**PROBLEM:** Working through the lines below, return each one that holds "union".

**ENTRIES SUPPLIED:**
lemma ramsey_bound_two_le_exp:
  assumes "1 \<le> K"
  shows "real (ramsey_bound (Suc (Suc 0)) K m) + 1 \<le> exp ((real m + 2) * (real K * (1 + ln (real K))))"
proof -
  define L where "L = K * m + 1"
  have "real (ramsey_bound (Suc (Suc 0)) K m) + 1 = real (2 ^ L * K ^ L) + 1"
    unfolding L_def by simp
  also have "\<dots> \<le> exp (real (L + 1) + real L * ln (real K))"
    by (rule two_power_mult_power_le_exp[OF assms])
  also have "\<dots> \<le> exp ((real m + 2) * (real K * (1 + ln (real K))))"
  proof -
    have "real (L + 1) \<le> (real m + 2) * real K" "real L \<le> (real m + 2) * real K"
      unfolding L_def using assms by (simp_all add: algebra_simps)
    then have "real (L + 1) + real L * ln (real K)
        \<le> (real m + 2) * real K + (real m + 2) * real K * ln (real K)"
      using assms by (intro add_mono mult_right_mono) auto
    then show ?thesis
      by (simp add: algebra_simps)
  qed
  finally show ?thesis .
qed

text \<open>
  ramsey_bound (s+1) K m is about K^(L^s) with L below a tower W of height t+1, and W^s is
  again such a tower at s times the argument: one more exponential absorbs everything.
\<close>
lemma ramsey_bound_Suc_le_exp_iter:
  fixes K :: nat and A :: real
  defines "T \<equiv> real K * (1 + ln (real K))"
  assumes K: "1 \<le> K" and A: "1 \<le> A"
    and prev: "real (ramsey_bound (Suc (Suc t)) K m) + 1 \<le> (exp ^^ Suc t) (A * T)"
  shows "real (ramsey_bound (Suc (Suc (Suc t))) K m) + 1
    \<le> (exp ^^ Suc (Suc t)) ((real (Suc (Suc t)) * A + 2) * T)"
proof -
  define s where "s = Suc (Suc t)"
  define L where "L = ramsey_bound s K m + 1"
  define W where "W = (exp ^^ Suc t) (A * T)"
  have lnK: "0 \<le> ln (real K)"
    using K by simp
  have T: "1 + ln (real K) \<le> T"
    unfolding T_def using K lnK mult_right_mono[of 1 "real K" "1 + ln (real K)"] by auto
  with lnK have T_ge_1: "1 \<le> T"
    by linarith
  have "1 \<le> A * T"
    using A T_ge_1 mult_mono[of 1 A 1 T] by simp
  have LW: "real L \<le> W"
    using prev unfolding L_def W_def s_def by simp
  have "L \<le> L ^ s"
    unfolding s_def L_def by (rule self_le_power) auto
  have "real (ramsey_bound (Suc s) K m) + 1 = real (2 ^ L * K ^ (L ^ s)) + 1"
    unfolding L_def s_def by simp
  also have "\<dots> \<le> exp (real (L + 1) + real (L ^ s) * ln (real K))"
    by (rule two_power_mult_power_le_exp[OF K])
  also have "\<dots> \<le> exp (2 * T * W ^ s)"
  proof -
    have "real L \<le> real (L ^ s)" "1 \<le> real L" "0 \<le> real (L ^ s) * ln (real K)"
      using \<open>L \<le> L ^ s\<close> lnK unfolding L_def by (simp_all only: of_nat_le_iff) simp_all
    moreover have "real (L ^ s) * 2 * (1 + ln (real K))
        = 2 * real (L ^ s) + 2 * (real (L ^ s) * ln (real K))"
      by (simp add: algebra_simps)
    moreover have "real (L + 1) = real L + 1"
      by simp
    ultimately have "real (L + 1) + real (L ^ s) * ln (real K) \<le> real (L ^ s) * 2 * (1 + ln (real K))"
      by linarith
    also have "\<dots> \<le> W ^ s * 2 * T"
      using T power_mono[OF LW, of s] lnK LW of_nat_0_le_iff[of L] by (intro mult_mono) auto
    finally show ?thesis
      by (simp add: algebra_simps)
  qed
  also have "\<dots> \<le> exp ((exp ^^ Suc t) ((real s * A + 2) * T))"
  proof -
    have "W ^ s \<le> (exp ^^ Suc t) (real s * (A * T))"
      unfolding W_def using \<open>1 \<le> A * T\<close> by (intro exp_iter_power_le) (auto simp: s_def)
    then have "2 * T * W ^ s \<le> 2 * T * (exp ^^ Suc t) (real s * (A * T))"
      using T_ge_1 by (intro mult_left_mono) auto
    also have "\<dots> \<le> (exp ^^ Suc t) (real s * (A * T) + 2 * T)"
      using T_ge_1 \<open>1 \<le> A * T\<close> by (intro mult_exp_iter_le) auto
    finally show ?thesis
      by (simp add: algebra_simps)
  qed
  finally show ?thesis
    unfolding s_def by simp
qed

lemma ramsey_bound_le_exp_iter:
  "\<exists>A\<ge>1. \<forall>K\<ge>1. real (ramsey_bound (Suc (Suc t)) K m) + 1
      \<le> (exp ^^ Suc t) (A * (real K * (1 + ln (real K))))"
proof (induction t)
  case 0
  show ?case
    using ramsey_bound_two_le_exp by (intro exI[of _ "real m + 2"]) auto
next
  case (Suc t)
  then obtain A where "1 \<le> A"
    and "\<forall>K\<ge>1. real (ramsey_bound (Suc (Suc t)) K m) + 1 \<le> (exp ^^ Suc t) (A * (real K * (1 + ln (real K))))"
    by blast
  then show ?case
    using ramsey_bound_Suc_le_exp_iter[of _ A]
    by (intro exI[of _ "real (Suc (Suc t)) * A + 2"]) auto
qed

section \<open>Graphs that are 2-locally large\<close>

text \<open>
  nth_in B j is the j-th smallest element of B, counting from 0. The entry (j, r) of
  pattern_colouring r f B is the colour of B minus its top element at the j-th element, the entry
  (j, j) the colour of B minus its j-th element at that element: the shapes of the classes
  T_x^i for i \<le> r and for i > r.
\<close>
definition pattern_pairs :: "nat \<Rightarrow> (nat \<times> nat) set" where
  "pattern_pairs r = {(j, l). j \<le> r \<and> l \<le> r \<and> (l = j \<or> l = r)}"

definition pattern_colouring :: "nat \<Rightarrow> (nat \<Rightarrow> nat set \<Rightarrow> nat) \<Rightarrow> nat set \<Rightarrow> nat \<times> nat \<Rightarrow> nat" where
  "pattern_colouring r f B = restrict (\<lambda>(j, l). f (nth_in B j) (B - {nth_in B l})) (pattern_pairs r)"

lemma finite_pattern_pairs: "finite (pattern_pairs r)"
  unfolding pattern_pairs_def by (rule finite_subset[of _ "{..r} \<times> {..r}"]) auto

lemma card_pattern_pairs_le: "card (pattern_pairs r) \<le> 2 * r + 1"
proof -
  have "pattern_pairs r \<subseteq> (\<lambda>j. (j, j)) ` {..r} \<union> (\<lambda>j. (j, r)) ` {..<r}"
    unfolding pattern_pairs_def by (auto simp: image_iff le_neq_implies_less)
  then have "card (pattern_pairs r) \<le> card ((\<lambda>j. (j, j)) ` {..r} \<union> (\<lambda>j. (j, r)) ` {..<r})"
    by (intro card_mono) auto
  also have "\<dots> \<le> card ((\<lambda>j. (j, j)) ` {..r}) + card ((\<lambda>j. (j, r)) ` {..<r})"
    by (rule card_Un_le)
  also have "\<dots> \<le> card {..r} + card {..<r}"
    by (intro add_mono card_image_le) auto
  finally show ?thesis
    by simp
qed

lemma pattern_colouring_in_PiE:
  assumes "local_coloring n r V E k f" "B \<subseteq> {..<n}" "card B = Suc r"
  shows "pattern_colouring r f B \<in> pattern_pairs r \<rightarrow>\<^sub>E {1..k}"
proof -
  have "finite B"
    using assms(2) finite_subset by blast
  have "f (nth_in B j) (B - {nth_in B l}) \<in> {1..k}" if "(j, l) \<in> pattern_pairs r" for j l
  proof -
    have "nth_in B j \<in> B" "nth_in B l \<in> B"
      using that nth_in_mem[OF \<open>finite B\<close>] assms(3) unfolding pattern_pairs_def by auto
    then have "nth_in B j < n" "B - {nth_in B l} \<subseteq> {..<n}" "card (B - {nth_in B l}) = r"
      using assms(2,3) \<open>finite B\<close> by auto
    then show ?thesis
      using assms(1) unfolding local_coloring_def by blast
  qed
  then show ?thesis
    unfolding pattern_colouring_def by auto
qed

lemma pattern_colouring_insert_top:
  assumes "finite e" "card e = r" "u \<in> e" "\<forall>y\<in>e. y < t"
  shows "f u e = pattern_colouring r f (insert t e) (rank_in e u, r)"
proof -
  let ?B = "insert t e"
  have "t \<notin> e" "finite ?B"
    using assms(1,4) by auto
  have "{y\<in>?B. y < u} = {y\<in>e. y < u}"
    using assms(3,4) by force
  then have "rank_in ?B u = rank_in e u"
    unfolding rank_in_def by simp
  then have "nth_in ?B (rank_in e u) = u"
    using nth_in_rank_in[OF \<open>finite ?B\<close>, of u] assms(3) by simp
  moreover have "{y\<in>?B. y < t} = e"
    using assms(4) by auto
  then have "rank_in ?B t = r"
    unfolding rank_in_def using assms(2) by simp
  then have "nth_in ?B r = t"
    using nth_in_rank_in[OF \<open>finite ?B\<close>, of t] by simp
  moreover have "(rank_in e u, r) \<in> pattern_pairs r"
    using rank_in_less_card[OF assms(1,3)] assms(2) unfolding pattern_pairs_def by simp
  ultimately show ?thesis
    unfolding pattern_colouring_def using \<open>t \<notin> e\<close> by simp
qed

lemma pattern_colouring_insert_self:
  assumes "finite e" "card e = r" "u \<notin> e"
  shows "f u e = pattern_colouring r f (insert u e) (rank_in e u, rank_in e u)"
proof -
  let ?B = "insert u e"
  have "finite ?B"
    using assms(1) by simp
  have "{y\<in>?B. y < u} = {y\<in>e. y < u}"
    by auto
  then have "nth_in ?B (rank_in e u) = u"
    using nth_in_rank_in[OF \<open>finite ?B\<close>, of u] unfolding rank_in_def by simp
  moreover have "(rank_in e u, rank_in e u) \<in> pattern_pairs r"
    using rank_in_le_card[OF assms(1)] assms(2) unfolding pattern_pairs_def by simp
  ultimately show ?thesis
    unfolding pattern_colouring_def using assms(3) by simp
qed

**RESULT BELOW:**
  have "pattern_pairs r \<subseteq> (\<lambda>j. (j, j)) ` {..r} \<union> (\<lambda>j. (j, r)) ` {..<r}"
  then have "card (pattern_pairs r) \<le> card ((\<lambda>j. (j, j)) ` {..r} \<union> (\<lambda>j. (j, r)) ` {..<r})"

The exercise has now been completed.